### Data shown
(* Let $w:\mathbb R^2\to\mathbb R^2$ be any function and $c>0$ a constant such that \[\langle x-y,w(x)-w(y)\rangle>c\,\|w(x)-w(y)\|\] for all $x,y\in\mathbb R^2$ with $\|x-y\|>1$. Put $a:=\min\{c/2,1/2\}$. Then for all $x,y\in\mathbb R^2$ with $\|x-y\|>1$, \[\langle x-y,\,w(x)-w(y)\rangle\ \ge\ a\,\|x-y\|\,\|w(x)-w(y)\| ,\] i.e. the angle between $w(x)-w(y)$ and $x-y$ is at most $\arccos a$ whenever $w(x)\ne w(y)$.
   Context: $\langle\cdot,\cdot\rangle$ and $\|\cdot\|$ denote the standard inner product and Euclidean norm on $\mathbb R^2$. *)

theory Defs
  imports "HOL-Analysis.Analysis"
begin

end

theory Submission imports Defs begin

text \<open>
  Cut the segment from y to x into k equal steps v with \<open>norm v > 1\<close> and \<open>2 * k \<ge> norm (x - y)\<close>.
  Each increment of w along v lies in the cone \<open>{q. c * norm q \<le> v \<bullet> q}\<close>, which is closed
  under addition by the triangle inequality; hence so does the total increment \<open>w x - w y\<close>, and
  multiplying by k yields the constant c/2. Neither the dimension nor the cap 1/2 plays a role.
\<close>

lemma inner_increment_ge_iterate:
  fixes w :: "'a::real_inner \<Rightarrow> 'a"
  assumes "0 \<le> c" and step: "\<And>t. c * norm (w (t + v) - w t) \<le> v \<bullet> (w (t + v) - w t)"
  shows "c * norm (w (y + real k *\<^sub>R v) - w y) \<le> v \<bullet> (w (y + real k *\<^sub>R v) - w y)"
proof (induction k)
  case 0
  then show ?case by simp
next
  case (Suc k)
  define t where "t = y + real k *\<^sub>R v"
  have t_step: "y + real (Suc k) *\<^sub>R v = t + v"
    by (simp add: t_def algebra_simps)
  have "c * norm (w (t + v) - w y) \<le> c * norm (w (t + v) - w t) + c * norm (w t - w y)"
    using norm_triangle_sub[of "w (t + v) - w y" "w t - w y"] \<open>0 \<le> c\<close>
    by (simp add: distrib_left[symmetric] mult_left_mono)
  also have "\<dots> \<le> v \<bullet> (w (t + v) - w t) + v \<bullet> (w t - w y)"
    using step[of t] Suc.IH by (simp add: t_def)
  also have "\<dots> = v \<bullet> (w (t + v) - w y)"
    by (simp add: inner_diff_right)
  finally show ?case
    unfolding t_step .
qed

lemma exists_nat_half_le_less:
  fixes L :: real
  assumes "1 < L"
  shows "\<exists>k::nat. 0 < k \<and> L \<le> 2 * real k \<and> real k < L"
proof (cases "L \<le> 2")
  case True
  then show ?thesis
    using assms by (intro exI[of _ 1]) simp
next
  case False
  have "real (nat \<lceil>L / 2\<rceil>) = of_int \<lceil>L / 2\<rceil>"
    using assms by simp
  then show ?thesis
    using False ceiling_correct[of "L / 2"] by (intro exI[of _ "nat \<lceil>L / 2\<rceil>"]) linarith
qed

lemma inner_diff_ge_half_norm_mult:
  fixes w :: "'a::real_inner \<Rightarrow> 'a"
  assumes "0 \<le> c"
    and cone: "\<And>x y. 1 < norm (x - y) \<Longrightarrow> c * norm (w x - w y) \<le> (x - y) \<bullet> (w x - w y)"
    and far: "1 < norm (x - y)"
  shows "c / 2 * norm (x - y) * norm (w x - w y) \<le> (x - y) \<bullet> (w x - w y)"
proof -
  obtain k :: nat where "0 < k" and k_ge: "norm (x - y) \<le> 2 * real k" and k_less: "real k < norm (x - y)"
    using exists_nat_half_le_less[OF far] by blast
  define v where "v = (1 / real k) *\<^sub>R (x - y)"
  have x_eq: "x = y + real k *\<^sub>R v"
    using \<open>0 < k\<close> by (simp add: v_def)
  have "1 < norm v"
    using \<open>0 < k\<close> k_less by (simp add: v_def)
  then have "c * norm (w (t + v) - w t) \<le> v \<bullet> (w (t + v) - w t)" for t
    using cone[of "t + v" t] by simp
  from inner_increment_ge_iterate[where w = w and v = v, OF \<open>0 \<le> c\<close> this, of y k]
  have "c * norm (w x - w y) \<le> v \<bullet> (w x - w y)"
    by (simp add: x_eq)
  then have "real k * (c * norm (w x - w y)) \<le> (x - y) \<bullet> (w x - w y)"
    by (simp add: x_eq mult_left_mono)
  moreover have "c / 2 * norm (x - y) * norm (w x - w y) = norm (x - y) / 2 * (c * norm (w x - w y))"
    by simp
  moreover have "\<dots> \<le> real k * (c * norm (w x - w y))"
    using k_ge \<open>0 \<le> c\<close> by (intro mult_right_mono) auto
  ultimately show ?thesis
    by linarith
qed

theorem mainTheorem5:
  fixes w :: "real^2 \<Rightarrow> real^2" and c :: real
  assumes "c > 0"
    and "\<And>x y. norm (x - y) > 1 \<Longrightarrow> (x - y) \<bullet> (w x - w y) > c * norm (w x - w y)"
  shows "\<forall>x y. norm (x - y) > 1 \<longrightarrow>
           (x - y) \<bullet> (w x - w y) \<ge> min (c/2) (1/2) * norm (x - y) * norm (w x - w y)"
proof (intro allI impI)
  fix x y :: "real^2"
  assume far: "norm (x - y) > 1"
  have cone: "c * norm (w x' - w y') \<le> (x' - y') \<bullet> (w x' - w y')" if "1 < norm (x' - y')" for x' y'
    using assms(2)[OF that] by simp
  have "min (c/2) (1/2) * norm (x - y) * norm (w x - w y) \<le> c / 2 * norm (x - y) * norm (w x - w y)"
    by (intro mult_right_mono) auto
  also have "\<dots> \<le> (x - y) \<bullet> (w x - w y)"
    using inner_diff_ge_half_norm_mult[of c w, OF _ cone far] assms(1) by simp
  finally show "(x - y) \<bullet> (w x - w y) \<ge> min (c/2) (1/2) * norm (x - y) * norm (w x - w y)" .
qed

end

### Activity
Among the entries above, how many lines hold the string "finally"? Respond with nothing but the number.

### Worked solution
2